── Record extracts ──
(* Consider a Markov decision process with finite state space $\mathcal{S}$ such that, for every allowed policy $\pi$, the induced Markov chain on $\mathcal{S}$ is ergodic and reversible with respect to its stationary distribution $\mathfrak{p}_\pi$. Let $\mathfrak{p}_{\min}=\min_{s\in\mathcal{S},\pi}\mathfrak{p}_\pi(s)$, and let $\lambda_\star<1$ be an upper bound, valid for every allowed policy $\pi$, on the second largest eigenvalue of the one-step transition matrix $P_\pi=[\mathbb{P}(s_{t+1}=j\mid s_t=i,\pi)]_{ij}$. Let $\epsilon>0$ and $\gamma\in(0,1)$. If \[ \gamma\ \ge\ \frac{1-\mathfrak{p}_{\min}\,\epsilon}{1-\lambda_\star\,\mathfrak{p}_{\min}\,\epsilon}, \] then $\|\Delta_{z,z'}\|_{\mathrm{TV}}\le\epsilon$ for all $z,z'\in\mathcal{S}$ and every allowed policy $\pi$.
   Context: For a policy $\pi$ and discount factor $\gamma$, the discounted state occupation measure from $z$ is $\rho_z(s)=(1-\gamma)\sum_{t\ge0}\gamma^t\,\mathbb{P}(s_t=s\mid s_0=z,\pi)$, and $\Delta_{z,z'}=\rho_z-\rho_{z'}$ with total variation norm $\|\Delta_{z,z'}\|_{\mathrm{TV}}=\tfrac12\sum_{s\in\mathcal{S}}|\Delta_{z,z'}(s)|$. Reversibility means $\mathfrak{p}_\pi(z)\,\mathbb{P}(s_{1}=z'\mid s_0=z,\pi)=\mathfrak{p}_\pi(z')\,\mathbb{P}(s_{1}=z\mid s_0=z',\pi)$ for all $z,z'$. The "second largest eigenvalue" means the largest eigenvalue of $P_\pi$ other than the eigenvalue $1$ (counted once); all eigenvalues of $P_\pi$ are real by reversibility. *)

theory Defs
  imports "HOL-Analysis.Analysis"
begin

text \<open>Finite MDP: states 'S (finite), actions 'A (finite), transition kernel
  T s a s' = P(s_{t+1} = s' | s_t = s, a_t = a); a (stochastic, stationary) policy
  pol s a = P(a_t = a | s_t = s).\<close>

definition is_distribution :: "('a::finite \<Rightarrow> real) \<Rightarrow> bool" where
  "is_distribution q \<longleftrightarrow> (\<forall>x. 0 \<le> q x) \<and> (\<Sum>x\<in>UNIV. q x) = 1"

definition stochastic :: "('a::finite \<Rightarrow> 'a \<Rightarrow> real) \<Rightarrow> bool" where
  "stochastic P \<longleftrightarrow> (\<forall>i. is_distribution (P i))"

definition induced_chain ::
  "('S::finite \<Rightarrow> 'A::finite \<Rightarrow> 'S \<Rightarrow> real) \<Rightarrow> ('S \<Rightarrow> 'A \<Rightarrow> real) \<Rightarrow> 'S \<Rightarrow> 'S \<Rightarrow> real" where
  "induced_chain T pol i j = (\<Sum>a\<in>UNIV. pol i a * T i a j)"

fun nstep :: "('S::finite \<Rightarrow> 'S \<Rightarrow> real) \<Rightarrow> nat \<Rightarrow> 'S \<Rightarrow> 'S \<Rightarrow> real" where
  "nstep P 0 i j = (if i = j then 1 else 0)"
| "nstep P (Suc n) i j = (\<Sum>k\<in>UNIV. nstep P n i k * P k j)"

definition irreducible_chain :: "('S::finite \<Rightarrow> 'S \<Rightarrow> real) \<Rightarrow> bool" where
  "irreducible_chain P \<longleftrightarrow> (\<forall>i j. \<exists>n. nstep P n i j > 0)"

definition period :: "('S::finite \<Rightarrow> 'S \<Rightarrow> real) \<Rightarrow> 'S \<Rightarrow> nat" where
  "period P i = Gcd {n. n > 0 \<and> nstep P n i i > 0}"

definition aperiodic_chain :: "('S::finite \<Rightarrow> 'S \<Rightarrow> real) \<Rightarrow> bool" where
  "aperiodic_chain P \<longleftrightarrow> (\<forall>i. period P i = 1)"

definition ergodic_chain :: "('S::finite \<Rightarrow> 'S \<Rightarrow> real) \<Rightarrow> bool" where
  "ergodic_chain P \<longleftrightarrow> stochastic P \<and> irreducible_chain P \<and> aperiodic_chain P"

definition is_stationary :: "('S::finite \<Rightarrow> 'S \<Rightarrow> real) \<Rightarrow> ('S \<Rightarrow> real) \<Rightarrow> bool" where
  "is_stationary P p \<longleftrightarrow> is_distribution p \<and> (\<forall>j. (\<Sum>i\<in>UNIV. p i * P i j) = p j)"

text \<open>The stationary distribution (unique for ergodic chains).\<close>
definition stationary_dist :: "('S::finite \<Rightarrow> 'S \<Rightarrow> real) \<Rightarrow> 'S \<Rightarrow> real" where
  "stationary_dist P = (THE p. is_stationary P p)"

definition reversible_wrt :: "('S::finite \<Rightarrow> 'S \<Rightarrow> real) \<Rightarrow> ('S \<Rightarrow> real) \<Rightarrow> bool" where
  "reversible_wrt P p \<longleftrightarrow> (\<forall>z z'. p z * P z z' = p z' * P z' z)"

definition trans_matrix :: "('S::finite \<Rightarrow> 'S \<Rightarrow> real) \<Rightarrow> real^'S^'S" where
  "trans_matrix P = (\<chi> i j. P i j)"

definition is_eigenvalue :: "real^'n^'n \<Rightarrow> real \<Rightarrow> bool" where
  "is_eigenvalue M \<mu> \<longleftrightarrow> (\<exists>v. v \<noteq> 0 \<and> M *v v = \<mu> *\<^sub>R v)"

definition occupation :: "('S::finite \<Rightarrow> 'S \<Rightarrow> real) \<Rightarrow> real \<Rightarrow> 'S \<Rightarrow> 'S \<Rightarrow> real" where
  "occupation P \<gamma> z s = (1 - \<gamma>) * (\<Sum>t. \<gamma> ^ t * nstep P t z s)"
───
:: Work order ::
Wherever "forall" occurs in the entries above, copy the line it sits on.

:: Exercise response ::
  "is_distribution q \<longleftrightarrow> (\<forall>x. 0 \<le> q x) \<and> (\<Sum>x\<in>UNIV. q x) = 1"
  "stochastic P \<longleftrightarrow> (\<forall>i. is_distribution (P i))"
  "irreducible_chain P \<longleftrightarrow> (\<forall>i j. \<exists>n. nstep P n i j > 0)"
  "aperiodic_chain P \<longleftrightarrow> (\<forall>i. period P i = 1)"
  "is_stationary P p \<longleftrightarrow> is_distribution p \<and> (\<forall>j. (\<Sum>i\<in>UNIV. p i * P i j) = p j)"
  "reversible_wrt P p \<longleftrightarrow> (\<forall>z z'. p z * P z z' = p z' * P z' z)"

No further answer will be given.